# Entries provided
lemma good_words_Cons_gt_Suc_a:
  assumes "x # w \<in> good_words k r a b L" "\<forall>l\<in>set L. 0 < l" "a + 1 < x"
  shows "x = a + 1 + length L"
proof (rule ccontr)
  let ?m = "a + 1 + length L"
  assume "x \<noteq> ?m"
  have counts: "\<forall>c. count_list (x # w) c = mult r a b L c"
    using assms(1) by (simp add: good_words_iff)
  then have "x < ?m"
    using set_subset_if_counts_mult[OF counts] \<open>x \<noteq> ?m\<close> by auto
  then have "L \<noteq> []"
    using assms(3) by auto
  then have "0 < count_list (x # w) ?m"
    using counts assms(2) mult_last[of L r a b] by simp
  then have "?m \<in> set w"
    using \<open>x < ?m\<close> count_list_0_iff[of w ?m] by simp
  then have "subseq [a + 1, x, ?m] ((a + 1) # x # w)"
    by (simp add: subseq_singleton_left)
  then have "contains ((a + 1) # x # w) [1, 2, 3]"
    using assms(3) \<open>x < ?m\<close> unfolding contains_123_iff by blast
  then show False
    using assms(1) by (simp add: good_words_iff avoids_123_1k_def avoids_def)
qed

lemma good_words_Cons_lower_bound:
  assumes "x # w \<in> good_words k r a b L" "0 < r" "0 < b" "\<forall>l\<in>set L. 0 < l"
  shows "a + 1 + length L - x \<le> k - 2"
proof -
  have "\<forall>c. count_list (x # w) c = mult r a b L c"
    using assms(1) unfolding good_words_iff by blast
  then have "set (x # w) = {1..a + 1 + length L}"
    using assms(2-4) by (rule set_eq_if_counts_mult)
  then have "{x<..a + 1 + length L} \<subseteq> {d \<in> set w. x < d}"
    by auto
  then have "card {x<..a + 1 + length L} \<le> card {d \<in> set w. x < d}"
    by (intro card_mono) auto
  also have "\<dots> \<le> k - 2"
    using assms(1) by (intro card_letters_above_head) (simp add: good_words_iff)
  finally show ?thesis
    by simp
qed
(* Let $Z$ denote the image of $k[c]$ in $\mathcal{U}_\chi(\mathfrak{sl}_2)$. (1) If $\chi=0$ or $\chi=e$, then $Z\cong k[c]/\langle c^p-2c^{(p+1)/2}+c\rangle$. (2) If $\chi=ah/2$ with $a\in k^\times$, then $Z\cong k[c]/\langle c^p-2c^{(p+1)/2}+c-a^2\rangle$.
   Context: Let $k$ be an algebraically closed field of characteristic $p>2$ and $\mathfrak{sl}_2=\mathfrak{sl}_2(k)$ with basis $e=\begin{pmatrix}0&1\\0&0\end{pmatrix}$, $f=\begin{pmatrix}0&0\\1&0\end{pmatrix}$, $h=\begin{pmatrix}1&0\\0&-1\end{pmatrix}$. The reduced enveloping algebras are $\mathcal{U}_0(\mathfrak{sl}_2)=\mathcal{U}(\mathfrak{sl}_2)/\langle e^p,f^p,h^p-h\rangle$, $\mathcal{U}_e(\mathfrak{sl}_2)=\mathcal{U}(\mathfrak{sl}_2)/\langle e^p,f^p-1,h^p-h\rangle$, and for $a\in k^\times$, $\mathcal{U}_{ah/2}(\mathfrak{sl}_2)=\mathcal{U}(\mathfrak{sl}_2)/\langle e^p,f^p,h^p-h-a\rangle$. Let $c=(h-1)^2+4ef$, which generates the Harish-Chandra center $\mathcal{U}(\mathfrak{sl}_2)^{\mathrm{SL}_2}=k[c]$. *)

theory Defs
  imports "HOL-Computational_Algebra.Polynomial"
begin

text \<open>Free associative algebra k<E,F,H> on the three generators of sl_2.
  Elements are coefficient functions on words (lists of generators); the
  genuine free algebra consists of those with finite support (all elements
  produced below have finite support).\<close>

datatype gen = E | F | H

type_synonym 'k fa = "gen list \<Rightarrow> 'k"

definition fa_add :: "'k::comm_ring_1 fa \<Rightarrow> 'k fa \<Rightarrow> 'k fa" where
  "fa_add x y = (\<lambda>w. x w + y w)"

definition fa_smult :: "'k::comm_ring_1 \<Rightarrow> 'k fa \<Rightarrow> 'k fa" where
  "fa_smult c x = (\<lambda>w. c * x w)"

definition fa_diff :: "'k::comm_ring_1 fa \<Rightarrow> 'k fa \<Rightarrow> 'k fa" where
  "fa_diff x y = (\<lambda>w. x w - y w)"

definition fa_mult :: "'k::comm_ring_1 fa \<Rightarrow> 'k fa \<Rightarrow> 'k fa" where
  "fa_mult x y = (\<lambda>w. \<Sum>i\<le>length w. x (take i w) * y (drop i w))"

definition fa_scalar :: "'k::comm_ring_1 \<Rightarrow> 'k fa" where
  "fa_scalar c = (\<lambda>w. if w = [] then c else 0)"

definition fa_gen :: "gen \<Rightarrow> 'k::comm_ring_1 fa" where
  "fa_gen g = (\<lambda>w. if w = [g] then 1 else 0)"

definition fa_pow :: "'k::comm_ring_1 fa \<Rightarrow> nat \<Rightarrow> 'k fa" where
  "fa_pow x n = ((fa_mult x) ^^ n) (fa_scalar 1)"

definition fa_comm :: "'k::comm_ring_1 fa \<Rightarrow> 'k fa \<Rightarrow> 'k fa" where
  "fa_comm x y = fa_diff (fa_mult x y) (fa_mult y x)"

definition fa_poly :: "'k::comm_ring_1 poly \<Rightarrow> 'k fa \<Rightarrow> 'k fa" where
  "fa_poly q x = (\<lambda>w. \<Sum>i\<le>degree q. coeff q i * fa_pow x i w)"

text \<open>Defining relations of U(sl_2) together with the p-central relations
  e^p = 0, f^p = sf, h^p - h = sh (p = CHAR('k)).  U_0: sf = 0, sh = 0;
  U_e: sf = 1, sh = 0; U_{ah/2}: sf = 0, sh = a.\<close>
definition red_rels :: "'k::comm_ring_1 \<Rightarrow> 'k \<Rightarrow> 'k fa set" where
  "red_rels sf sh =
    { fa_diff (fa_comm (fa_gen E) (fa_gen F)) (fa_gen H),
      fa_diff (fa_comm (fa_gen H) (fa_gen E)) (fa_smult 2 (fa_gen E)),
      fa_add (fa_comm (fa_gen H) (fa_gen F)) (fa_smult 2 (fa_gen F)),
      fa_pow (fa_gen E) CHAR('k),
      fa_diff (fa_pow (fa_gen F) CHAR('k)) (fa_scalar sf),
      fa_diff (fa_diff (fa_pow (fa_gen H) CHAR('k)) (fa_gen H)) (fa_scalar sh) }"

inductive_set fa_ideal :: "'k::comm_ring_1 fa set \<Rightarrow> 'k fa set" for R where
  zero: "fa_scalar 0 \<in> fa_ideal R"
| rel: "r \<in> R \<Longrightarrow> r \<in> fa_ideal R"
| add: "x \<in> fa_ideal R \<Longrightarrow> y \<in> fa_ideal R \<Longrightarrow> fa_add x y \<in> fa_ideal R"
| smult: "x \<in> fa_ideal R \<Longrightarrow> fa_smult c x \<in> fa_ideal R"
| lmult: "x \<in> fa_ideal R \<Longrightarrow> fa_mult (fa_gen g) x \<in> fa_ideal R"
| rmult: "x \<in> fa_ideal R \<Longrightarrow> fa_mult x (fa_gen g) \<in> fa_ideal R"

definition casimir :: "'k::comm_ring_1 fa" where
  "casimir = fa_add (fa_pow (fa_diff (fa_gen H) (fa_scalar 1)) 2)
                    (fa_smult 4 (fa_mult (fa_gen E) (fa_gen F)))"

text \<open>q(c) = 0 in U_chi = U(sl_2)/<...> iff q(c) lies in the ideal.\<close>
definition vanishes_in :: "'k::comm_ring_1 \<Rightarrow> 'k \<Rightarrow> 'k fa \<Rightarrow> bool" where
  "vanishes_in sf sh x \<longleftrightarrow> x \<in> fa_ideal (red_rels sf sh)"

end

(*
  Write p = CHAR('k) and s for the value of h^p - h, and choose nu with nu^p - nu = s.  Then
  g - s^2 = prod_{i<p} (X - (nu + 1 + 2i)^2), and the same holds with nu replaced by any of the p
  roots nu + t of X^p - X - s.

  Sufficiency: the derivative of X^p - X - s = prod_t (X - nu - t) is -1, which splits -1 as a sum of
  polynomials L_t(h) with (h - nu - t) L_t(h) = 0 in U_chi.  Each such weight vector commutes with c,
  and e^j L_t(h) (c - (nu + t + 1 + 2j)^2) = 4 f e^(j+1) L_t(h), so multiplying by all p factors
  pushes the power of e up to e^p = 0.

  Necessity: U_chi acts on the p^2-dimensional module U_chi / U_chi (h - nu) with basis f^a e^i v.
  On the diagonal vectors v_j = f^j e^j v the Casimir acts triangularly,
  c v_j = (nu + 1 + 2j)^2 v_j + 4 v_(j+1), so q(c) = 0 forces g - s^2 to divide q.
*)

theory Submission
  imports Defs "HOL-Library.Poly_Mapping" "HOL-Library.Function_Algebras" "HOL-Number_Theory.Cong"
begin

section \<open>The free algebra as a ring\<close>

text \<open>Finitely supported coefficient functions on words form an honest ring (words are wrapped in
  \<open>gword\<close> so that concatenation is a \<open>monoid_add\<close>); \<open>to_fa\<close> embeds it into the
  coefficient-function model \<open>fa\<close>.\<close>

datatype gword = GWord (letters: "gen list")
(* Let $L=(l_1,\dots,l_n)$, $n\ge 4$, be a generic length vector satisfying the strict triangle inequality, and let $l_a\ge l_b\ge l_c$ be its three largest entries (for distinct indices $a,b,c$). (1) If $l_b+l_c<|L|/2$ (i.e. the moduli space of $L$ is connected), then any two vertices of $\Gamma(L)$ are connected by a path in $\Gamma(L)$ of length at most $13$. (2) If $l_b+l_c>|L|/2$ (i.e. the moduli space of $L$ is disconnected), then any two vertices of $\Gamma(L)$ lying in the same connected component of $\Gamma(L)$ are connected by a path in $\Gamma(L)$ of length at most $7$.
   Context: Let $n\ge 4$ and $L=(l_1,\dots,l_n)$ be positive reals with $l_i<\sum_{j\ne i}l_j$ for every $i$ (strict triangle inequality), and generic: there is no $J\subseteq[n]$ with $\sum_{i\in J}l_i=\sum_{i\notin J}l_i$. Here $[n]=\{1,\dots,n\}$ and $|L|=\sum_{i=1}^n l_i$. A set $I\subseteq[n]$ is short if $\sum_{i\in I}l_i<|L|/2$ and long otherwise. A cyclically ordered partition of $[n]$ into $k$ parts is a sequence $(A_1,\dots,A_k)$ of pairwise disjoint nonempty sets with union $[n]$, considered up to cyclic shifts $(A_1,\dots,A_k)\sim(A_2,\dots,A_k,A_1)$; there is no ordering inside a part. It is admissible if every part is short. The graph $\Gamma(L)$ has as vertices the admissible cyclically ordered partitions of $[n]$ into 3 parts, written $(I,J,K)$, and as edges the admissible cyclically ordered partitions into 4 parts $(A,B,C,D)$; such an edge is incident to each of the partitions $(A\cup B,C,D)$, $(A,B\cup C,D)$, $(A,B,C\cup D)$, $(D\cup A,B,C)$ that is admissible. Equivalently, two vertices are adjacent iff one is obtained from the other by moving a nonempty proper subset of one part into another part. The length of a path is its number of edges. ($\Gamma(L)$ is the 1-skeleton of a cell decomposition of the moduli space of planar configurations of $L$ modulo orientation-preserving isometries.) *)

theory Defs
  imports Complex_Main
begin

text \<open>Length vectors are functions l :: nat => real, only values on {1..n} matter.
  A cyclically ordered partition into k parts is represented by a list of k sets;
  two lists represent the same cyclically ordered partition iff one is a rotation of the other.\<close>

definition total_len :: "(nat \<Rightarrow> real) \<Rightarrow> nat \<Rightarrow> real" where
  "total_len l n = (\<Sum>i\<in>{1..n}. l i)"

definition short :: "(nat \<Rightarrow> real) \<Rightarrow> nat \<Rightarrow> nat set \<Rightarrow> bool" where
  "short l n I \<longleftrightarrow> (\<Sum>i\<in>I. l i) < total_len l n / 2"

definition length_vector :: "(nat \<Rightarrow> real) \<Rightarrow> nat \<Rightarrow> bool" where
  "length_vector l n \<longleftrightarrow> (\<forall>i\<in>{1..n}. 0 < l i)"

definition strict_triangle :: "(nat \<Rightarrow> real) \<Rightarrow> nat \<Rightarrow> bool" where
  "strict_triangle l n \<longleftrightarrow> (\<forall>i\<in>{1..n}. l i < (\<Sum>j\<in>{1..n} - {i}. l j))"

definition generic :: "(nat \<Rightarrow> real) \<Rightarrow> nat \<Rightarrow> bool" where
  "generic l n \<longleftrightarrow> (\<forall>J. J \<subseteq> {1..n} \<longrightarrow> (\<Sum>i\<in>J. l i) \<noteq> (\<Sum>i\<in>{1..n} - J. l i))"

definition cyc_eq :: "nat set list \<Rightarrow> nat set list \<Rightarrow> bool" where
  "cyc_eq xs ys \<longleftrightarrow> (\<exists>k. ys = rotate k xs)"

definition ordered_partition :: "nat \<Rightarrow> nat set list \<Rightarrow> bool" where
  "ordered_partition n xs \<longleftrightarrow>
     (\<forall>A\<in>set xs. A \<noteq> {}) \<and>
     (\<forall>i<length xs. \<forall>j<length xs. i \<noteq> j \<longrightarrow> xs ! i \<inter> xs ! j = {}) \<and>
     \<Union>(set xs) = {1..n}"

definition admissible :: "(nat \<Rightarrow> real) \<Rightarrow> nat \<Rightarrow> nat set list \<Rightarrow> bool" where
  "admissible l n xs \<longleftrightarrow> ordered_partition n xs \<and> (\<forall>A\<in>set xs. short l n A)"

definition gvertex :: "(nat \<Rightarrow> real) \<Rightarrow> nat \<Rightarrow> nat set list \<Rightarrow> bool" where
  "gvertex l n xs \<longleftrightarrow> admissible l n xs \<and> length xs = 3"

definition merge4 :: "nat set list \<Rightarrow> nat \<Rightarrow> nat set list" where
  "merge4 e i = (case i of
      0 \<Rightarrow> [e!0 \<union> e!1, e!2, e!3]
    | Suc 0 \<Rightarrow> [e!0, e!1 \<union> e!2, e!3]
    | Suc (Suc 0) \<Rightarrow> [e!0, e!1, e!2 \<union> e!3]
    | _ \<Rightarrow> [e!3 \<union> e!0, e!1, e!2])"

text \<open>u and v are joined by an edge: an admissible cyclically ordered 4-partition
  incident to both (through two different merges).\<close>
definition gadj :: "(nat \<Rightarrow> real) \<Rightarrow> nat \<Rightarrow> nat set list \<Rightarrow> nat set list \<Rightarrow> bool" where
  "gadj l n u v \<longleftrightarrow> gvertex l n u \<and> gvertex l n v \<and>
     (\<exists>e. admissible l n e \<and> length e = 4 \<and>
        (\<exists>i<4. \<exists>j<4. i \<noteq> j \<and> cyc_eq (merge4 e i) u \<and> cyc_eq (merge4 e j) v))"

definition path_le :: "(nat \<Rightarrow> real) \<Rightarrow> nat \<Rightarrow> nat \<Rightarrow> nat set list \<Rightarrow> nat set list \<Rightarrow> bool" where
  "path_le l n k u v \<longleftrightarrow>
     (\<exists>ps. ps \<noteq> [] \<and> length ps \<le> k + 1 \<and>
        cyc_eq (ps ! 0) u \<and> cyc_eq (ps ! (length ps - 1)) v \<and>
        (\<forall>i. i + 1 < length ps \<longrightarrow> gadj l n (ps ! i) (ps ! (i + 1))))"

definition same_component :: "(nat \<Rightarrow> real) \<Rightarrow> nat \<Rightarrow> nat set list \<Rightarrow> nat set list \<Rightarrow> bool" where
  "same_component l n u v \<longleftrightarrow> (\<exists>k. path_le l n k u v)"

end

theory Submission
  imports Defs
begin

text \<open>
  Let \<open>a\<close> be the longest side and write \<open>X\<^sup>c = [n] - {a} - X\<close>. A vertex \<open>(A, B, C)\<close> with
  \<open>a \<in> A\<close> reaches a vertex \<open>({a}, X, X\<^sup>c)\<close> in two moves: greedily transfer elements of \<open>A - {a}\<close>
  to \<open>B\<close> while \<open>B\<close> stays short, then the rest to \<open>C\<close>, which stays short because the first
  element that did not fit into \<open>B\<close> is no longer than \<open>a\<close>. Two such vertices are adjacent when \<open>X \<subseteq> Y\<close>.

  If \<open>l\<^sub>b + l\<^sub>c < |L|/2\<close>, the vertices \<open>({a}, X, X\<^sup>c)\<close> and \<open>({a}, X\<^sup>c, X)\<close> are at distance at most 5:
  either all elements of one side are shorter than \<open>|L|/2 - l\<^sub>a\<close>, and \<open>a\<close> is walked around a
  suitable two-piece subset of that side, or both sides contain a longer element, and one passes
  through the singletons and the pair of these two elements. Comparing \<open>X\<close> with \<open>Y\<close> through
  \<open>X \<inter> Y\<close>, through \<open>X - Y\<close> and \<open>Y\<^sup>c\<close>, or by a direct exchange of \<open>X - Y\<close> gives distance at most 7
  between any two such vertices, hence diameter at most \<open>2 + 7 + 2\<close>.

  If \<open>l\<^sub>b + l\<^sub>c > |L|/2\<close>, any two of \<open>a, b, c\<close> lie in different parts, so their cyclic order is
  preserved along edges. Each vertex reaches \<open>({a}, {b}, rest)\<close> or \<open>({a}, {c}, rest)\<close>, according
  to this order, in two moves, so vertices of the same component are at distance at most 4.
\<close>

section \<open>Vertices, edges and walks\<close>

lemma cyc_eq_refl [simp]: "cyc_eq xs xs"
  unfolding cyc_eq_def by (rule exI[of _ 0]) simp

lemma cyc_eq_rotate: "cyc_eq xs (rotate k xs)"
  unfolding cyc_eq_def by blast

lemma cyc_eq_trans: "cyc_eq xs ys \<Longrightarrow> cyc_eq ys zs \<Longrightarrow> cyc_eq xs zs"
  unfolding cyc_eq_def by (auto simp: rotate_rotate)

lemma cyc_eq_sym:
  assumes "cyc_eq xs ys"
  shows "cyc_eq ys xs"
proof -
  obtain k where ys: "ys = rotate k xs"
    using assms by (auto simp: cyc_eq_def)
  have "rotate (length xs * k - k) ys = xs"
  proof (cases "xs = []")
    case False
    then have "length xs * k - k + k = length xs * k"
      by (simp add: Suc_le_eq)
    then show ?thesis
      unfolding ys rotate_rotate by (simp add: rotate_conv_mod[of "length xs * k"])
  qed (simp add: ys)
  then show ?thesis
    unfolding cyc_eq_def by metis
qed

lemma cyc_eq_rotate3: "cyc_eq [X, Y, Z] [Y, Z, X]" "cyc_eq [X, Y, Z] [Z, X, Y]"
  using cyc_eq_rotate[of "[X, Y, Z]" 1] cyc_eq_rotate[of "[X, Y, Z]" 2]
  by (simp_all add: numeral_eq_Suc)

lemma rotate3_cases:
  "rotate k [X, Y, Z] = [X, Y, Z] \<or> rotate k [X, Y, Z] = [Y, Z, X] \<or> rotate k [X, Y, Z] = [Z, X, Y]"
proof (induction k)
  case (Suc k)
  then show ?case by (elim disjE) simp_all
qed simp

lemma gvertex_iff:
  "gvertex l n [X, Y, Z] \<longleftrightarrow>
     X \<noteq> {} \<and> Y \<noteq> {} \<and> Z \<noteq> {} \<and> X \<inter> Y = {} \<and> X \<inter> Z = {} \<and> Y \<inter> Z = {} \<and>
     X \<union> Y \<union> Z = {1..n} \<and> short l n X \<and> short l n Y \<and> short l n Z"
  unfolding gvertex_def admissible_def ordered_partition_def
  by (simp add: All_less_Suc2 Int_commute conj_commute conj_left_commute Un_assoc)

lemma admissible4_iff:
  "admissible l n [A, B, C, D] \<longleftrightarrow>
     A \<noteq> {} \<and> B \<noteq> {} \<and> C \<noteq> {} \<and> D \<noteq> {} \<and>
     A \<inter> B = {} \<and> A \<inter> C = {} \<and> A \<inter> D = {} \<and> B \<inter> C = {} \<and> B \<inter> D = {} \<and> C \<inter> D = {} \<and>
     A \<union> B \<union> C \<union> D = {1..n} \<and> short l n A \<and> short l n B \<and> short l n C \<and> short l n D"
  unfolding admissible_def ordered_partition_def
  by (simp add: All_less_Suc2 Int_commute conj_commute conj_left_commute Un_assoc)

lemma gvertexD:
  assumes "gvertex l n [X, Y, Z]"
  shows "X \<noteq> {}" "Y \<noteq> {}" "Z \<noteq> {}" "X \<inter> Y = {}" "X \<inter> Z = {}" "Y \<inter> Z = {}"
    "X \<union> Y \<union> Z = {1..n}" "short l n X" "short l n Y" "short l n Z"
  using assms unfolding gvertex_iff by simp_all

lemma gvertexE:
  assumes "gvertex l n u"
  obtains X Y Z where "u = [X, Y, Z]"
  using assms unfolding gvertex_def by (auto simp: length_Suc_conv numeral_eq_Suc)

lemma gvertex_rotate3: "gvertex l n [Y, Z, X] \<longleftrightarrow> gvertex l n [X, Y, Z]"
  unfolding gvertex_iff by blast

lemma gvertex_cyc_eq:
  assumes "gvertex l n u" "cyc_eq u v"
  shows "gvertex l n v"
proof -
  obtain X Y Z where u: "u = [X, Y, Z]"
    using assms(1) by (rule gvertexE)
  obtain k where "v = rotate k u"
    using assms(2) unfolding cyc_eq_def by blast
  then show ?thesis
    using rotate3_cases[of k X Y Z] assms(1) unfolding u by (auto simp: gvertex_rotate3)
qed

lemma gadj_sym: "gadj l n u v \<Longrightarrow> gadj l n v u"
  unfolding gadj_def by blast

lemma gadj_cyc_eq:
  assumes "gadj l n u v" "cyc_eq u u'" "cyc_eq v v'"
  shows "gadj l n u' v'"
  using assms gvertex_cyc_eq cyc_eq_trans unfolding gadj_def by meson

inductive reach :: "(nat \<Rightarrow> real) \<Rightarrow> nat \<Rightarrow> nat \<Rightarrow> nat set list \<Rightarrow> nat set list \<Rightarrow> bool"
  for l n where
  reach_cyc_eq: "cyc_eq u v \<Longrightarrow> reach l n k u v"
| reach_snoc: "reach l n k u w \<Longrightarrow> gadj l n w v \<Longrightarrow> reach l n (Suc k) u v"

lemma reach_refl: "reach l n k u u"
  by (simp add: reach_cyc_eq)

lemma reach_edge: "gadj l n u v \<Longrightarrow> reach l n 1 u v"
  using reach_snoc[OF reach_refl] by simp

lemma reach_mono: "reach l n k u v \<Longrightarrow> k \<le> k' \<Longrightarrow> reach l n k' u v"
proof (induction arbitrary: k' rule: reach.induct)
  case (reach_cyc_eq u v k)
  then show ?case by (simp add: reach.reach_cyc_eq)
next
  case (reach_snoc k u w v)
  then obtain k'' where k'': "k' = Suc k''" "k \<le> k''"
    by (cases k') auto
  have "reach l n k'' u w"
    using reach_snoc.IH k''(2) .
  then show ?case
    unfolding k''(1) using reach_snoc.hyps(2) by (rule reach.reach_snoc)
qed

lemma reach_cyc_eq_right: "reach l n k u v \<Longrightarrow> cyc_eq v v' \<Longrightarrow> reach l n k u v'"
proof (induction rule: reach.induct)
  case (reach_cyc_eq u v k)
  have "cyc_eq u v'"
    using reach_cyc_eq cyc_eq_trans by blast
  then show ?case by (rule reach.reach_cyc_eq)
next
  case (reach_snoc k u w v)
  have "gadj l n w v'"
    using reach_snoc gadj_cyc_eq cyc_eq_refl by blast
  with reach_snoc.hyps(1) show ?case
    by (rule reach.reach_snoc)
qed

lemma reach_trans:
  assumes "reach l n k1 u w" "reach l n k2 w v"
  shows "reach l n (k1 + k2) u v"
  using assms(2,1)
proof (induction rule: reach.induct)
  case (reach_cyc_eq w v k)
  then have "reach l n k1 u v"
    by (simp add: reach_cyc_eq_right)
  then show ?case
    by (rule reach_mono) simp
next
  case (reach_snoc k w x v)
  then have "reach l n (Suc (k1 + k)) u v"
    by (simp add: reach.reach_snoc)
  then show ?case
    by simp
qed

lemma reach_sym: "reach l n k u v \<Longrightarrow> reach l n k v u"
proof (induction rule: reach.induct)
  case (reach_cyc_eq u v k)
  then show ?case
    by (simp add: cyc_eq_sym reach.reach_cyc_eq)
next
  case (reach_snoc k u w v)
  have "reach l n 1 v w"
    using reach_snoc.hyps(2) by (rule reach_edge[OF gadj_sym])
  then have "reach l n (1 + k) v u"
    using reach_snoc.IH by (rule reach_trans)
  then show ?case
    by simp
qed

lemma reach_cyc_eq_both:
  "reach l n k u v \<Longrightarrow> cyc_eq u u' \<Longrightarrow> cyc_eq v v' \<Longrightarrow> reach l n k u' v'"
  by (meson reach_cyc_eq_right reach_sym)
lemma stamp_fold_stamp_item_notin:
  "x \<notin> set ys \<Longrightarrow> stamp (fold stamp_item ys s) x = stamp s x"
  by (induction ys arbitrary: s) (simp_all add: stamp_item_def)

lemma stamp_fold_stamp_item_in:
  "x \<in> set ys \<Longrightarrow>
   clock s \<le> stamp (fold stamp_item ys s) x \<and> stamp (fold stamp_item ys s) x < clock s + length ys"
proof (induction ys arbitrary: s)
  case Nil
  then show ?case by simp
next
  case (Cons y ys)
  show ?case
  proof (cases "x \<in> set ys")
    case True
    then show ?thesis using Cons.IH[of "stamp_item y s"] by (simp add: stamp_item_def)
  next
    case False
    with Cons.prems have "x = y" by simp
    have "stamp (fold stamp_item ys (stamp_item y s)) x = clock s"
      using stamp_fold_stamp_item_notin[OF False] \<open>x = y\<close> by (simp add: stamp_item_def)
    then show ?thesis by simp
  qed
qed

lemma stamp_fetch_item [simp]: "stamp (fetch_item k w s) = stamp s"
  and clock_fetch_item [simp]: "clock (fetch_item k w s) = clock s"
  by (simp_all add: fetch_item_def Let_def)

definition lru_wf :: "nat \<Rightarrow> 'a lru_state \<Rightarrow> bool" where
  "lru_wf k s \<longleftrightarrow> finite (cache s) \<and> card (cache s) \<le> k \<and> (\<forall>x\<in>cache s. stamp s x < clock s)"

# Brief
Say how many lines of the entries above include the word "subseteq", giving the number alone.

# Exercise answer
4